What you need to do:
Below are the records; pull every line that includes "definition".

Data section:
(* Let $P_1$ be the uniform distribution on $J_1=[0,\frac12]$, let $P_2$ be the uniform distribution on $J_2=[\frac34,1]$, and let $P=\frac34P_1+\frac14P_2$. For $n\ge 2$, let $\alpha_n$ be an optimal set of $n$-means for $P$. Then $\alpha_n\cap J_1\neq\emptyset$ and $\alpha_n\cap J_2\neq\emptyset$. Moreover, for $n\ge 2$, the Voronoi region (with respect to $\alpha_n$) of any point in $\alpha_n\cap J_1$ does not contain any point of $J_2$, and the Voronoi region of any point in $\alpha_n\cap J_2$ does not contain any point of $J_1$.
   Context: For a finite set $\alpha\subset\mathbb R$, $V(P;\alpha)=\int\min_{a\in\alpha}(x-a)^2\,dP(x)$; $V_n=\inf\{V(P;\alpha):\mathrm{card}(\alpha)\le n\}$; an optimal set of $n$-means is a set $\alpha$ with $\mathrm{card}(\alpha)\le n$ and $V(P;\alpha)=V_n$. The Voronoi region of $a\in\alpha$ is $\{x\in\mathbb R: |x-a|=\min_{b\in\alpha}|x-b|\}$. *)

theory Defs
  imports "HOL-Analysis.Analysis"
begin

definition unif_dens :: "real \<Rightarrow> real \<Rightarrow> real \<Rightarrow> real" where
  "unif_dens a b x = indicator {a..b} x / (b - a)"

definition J1 :: "real set" where "J1 = {0..1/2}"
definition J2 :: "real set" where "J2 = {3/4..1}"

(* P = 3/4 P1 + 1/4 P2, with P1, P2 uniform on J1, J2; realized via the mixture density *)
definition P :: "real measure" where
  "P = density lborel (\<lambda>x. ennreal (3/4 * unif_dens 0 (1/2) x + 1/4 * unif_dens (3/4) 1 x))"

Solution below:
definition unif_dens :: "real \<Rightarrow> real \<Rightarrow> real \<Rightarrow> real" where
definition J1 :: "real set" where "J1 = {0..1/2}"
definition J2 :: "real set" where "J2 = {3/4..1}"
definition P :: "real measure" where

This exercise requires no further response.